The second challenge, and perhaps the biggest, is for these consultations to actually give the floor to citizens. They have to allow for innovative ways of liberating the citizens’ voice about the EU by giving everyone an opportunity to speak up, but also by accompanying these consultations in order to build collective intelligence through facilitation methods and tools. Civil society organisations should push forward formats that take a step away from usual settings such as panels presenting their views to an audience and taking a few questions at the end of their speaking points.
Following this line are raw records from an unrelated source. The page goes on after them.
lemma parts_shiftmon:
  assumes "finite (supp \<gamma>)"
  shows "parts (shiftmon k \<gamma>) = (if k = 0 then {#} else {#k#}) + parts \<gamma>"
proof -
  have tail: "image_mset (shiftmon k \<gamma>) (mset_set (Suc ` supp \<gamma>)) = parts \<gamma>"
    by (simp add: image_mset_mset_set[symmetric] multiset.map_comp comp_def shiftmon_def parts_def)
  show ?thesis
  proof (cases "k = 0")
    case True
    then show ?thesis using tail by (simp add: parts_def supp_shiftmon)
  next
    case False
    have "mset_set (insert 0 (Suc ` supp \<gamma>)) = add_mset 0 (mset_set (Suc ` supp \<gamma>))"
      using assms by auto
    then have "parts (shiftmon k \<gamma>) =
        image_mset (shiftmon k \<gamma>) (add_mset 0 (mset_set (Suc ` supp \<gamma>)))"
      using False by (simp add: parts_def supp_shiftmon)
    then show ?thesis using False tail by (simp add: shiftmon_def)
  qed
qed

lemma shiftmon_head_tail: "\<beta> = shiftmon (\<beta> 0) (\<lambda>i. \<beta> (Suc i))"
  by (auto simp: shiftmon_def fun_eq_iff)

lemma Lam_shiftmon_bounded:
  assumes "q \<in> Lam"
  obtains d where "\<And>k \<gamma>. q (shiftmon k \<gamma>) \<noteq> 0 \<Longrightarrow> k \<le> d"
proof -
  obtain d where d: "\<And>\<beta>. q \<beta> \<noteq> 0 \<Longrightarrow> mdeg \<beta> \<le> d"
    and fin: "\<And>\<beta>. q \<beta> \<noteq> 0 \<Longrightarrow> finite (supp \<beta>)"
    using assms unfolding Lam_def by auto
  have "k \<le> d" if "q (shiftmon k \<gamma>) \<noteq> 0" for k \<gamma>
  proof -
    have "finite (supp \<gamma>)" using fin[OF that] by (simp add: finite_supp_shiftmon_iff)
    then have "k \<le> mdeg (shiftmon k \<gamma>)"
      by (simp add: mdeg_eq_sum_mset_parts finite_supp_shiftmon_iff parts_shiftmon)
    then show ?thesis using d[OF that] by simp
  qed
  then show ?thesis using that by blast
qed

lemma Eop_eq_polynomial:
  assumes "\<And>k. q (shiftmon k \<gamma>) \<noteq> 0 \<Longrightarrow> k \<le> N"
  shows "Eop a q \<gamma> = (\<Sum>k\<le>N. q (shiftmon k \<gamma>) * a ^ k)"
proof -
  have "Eop a q \<gamma> = (\<Sum>k\<le>N. a ^ k * q (shiftmon k \<gamma>))"
    unfolding Eop_def using assms by (intro sum.mono_neutral_left) auto
  then show ?thesis by (simp add: mult.commute)
qed

lemma Eop_msym:
  assumes "\<mu> \<in> partitions"
  shows "Eop a (msym \<mu>) = (\<lambda>\<gamma>. \<Sum>j\<in>insert 0 (set_mset \<mu>). a ^ j * msym (\<mu> - {#j#}) \<gamma>)"
proof
  fix \<gamma>
  let ?I = "insert 0 (set_mset \<mu>)"
  show "Eop a (msym \<mu>) \<gamma> = (\<Sum>j\<in>?I. a ^ j * msym (\<mu> - {#j#}) \<gamma>)"
  proof (cases "finite (supp \<gamma>)")
    case False
    then show ?thesis by (simp add: Eop_def msym_def finite_supp_shiftmon_iff)
  next
    case True
    have "0 \<notin># \<mu>" using assms by (simp add: partitions_def)
    then have "msym \<mu> (shiftmon k \<gamma>) = (if k \<in> ?I \<and> parts \<gamma> = \<mu> - {#k#} then 1 else 0)" for k
      using True
      by (auto simp: msym_def finite_supp_shiftmon_iff parts_shiftmon add_mset_eq_iff_member_diff
          diff_single_trivial)
    then have "Eop a (msym \<mu>) \<gamma> = (\<Sum>j\<in>{j\<in>?I. parts \<gamma> = \<mu> - {#j#}}. a ^ j)"
      unfolding Eop_def by (intro sum.cong) auto
    also have "\<dots> = (\<Sum>j\<in>?I. a ^ j * msym (\<mu> - {#j#}) \<gamma>)"
      using True by (simp add: sum.inter_filter[symmetric] msym_def if_distrib cong: if_cong)
    finally show ?thesis .
  qed
qed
The more inclusive and interactive these consultations are, the more creative and deep the citizens’ diagnoses and ideas of and for Europe will be.

Last but not least, the third challenge is for these consultations to translate into action. Giving the citizens the opportunity to speak up means that decision makers have to take into account what will come out of the consultations. This means more than discussing them during the December Council: in order to meet the ambitions of the process, and not to give the impression to citizens that they gave them the chance to express their opinion without wanting to take action upon them, the Heads of State and Government will have to translate some ideas into action. Here, once again, civil society has a role to play. Not only can they remind the decision-makers about what European citizens said or asked for throughout the consultations, but they can also – and ought to - lobby on the themes that will be brought to light by European citizens, in a very European fashion since there is no doubt that a lot of issues and ideas will be cross borders.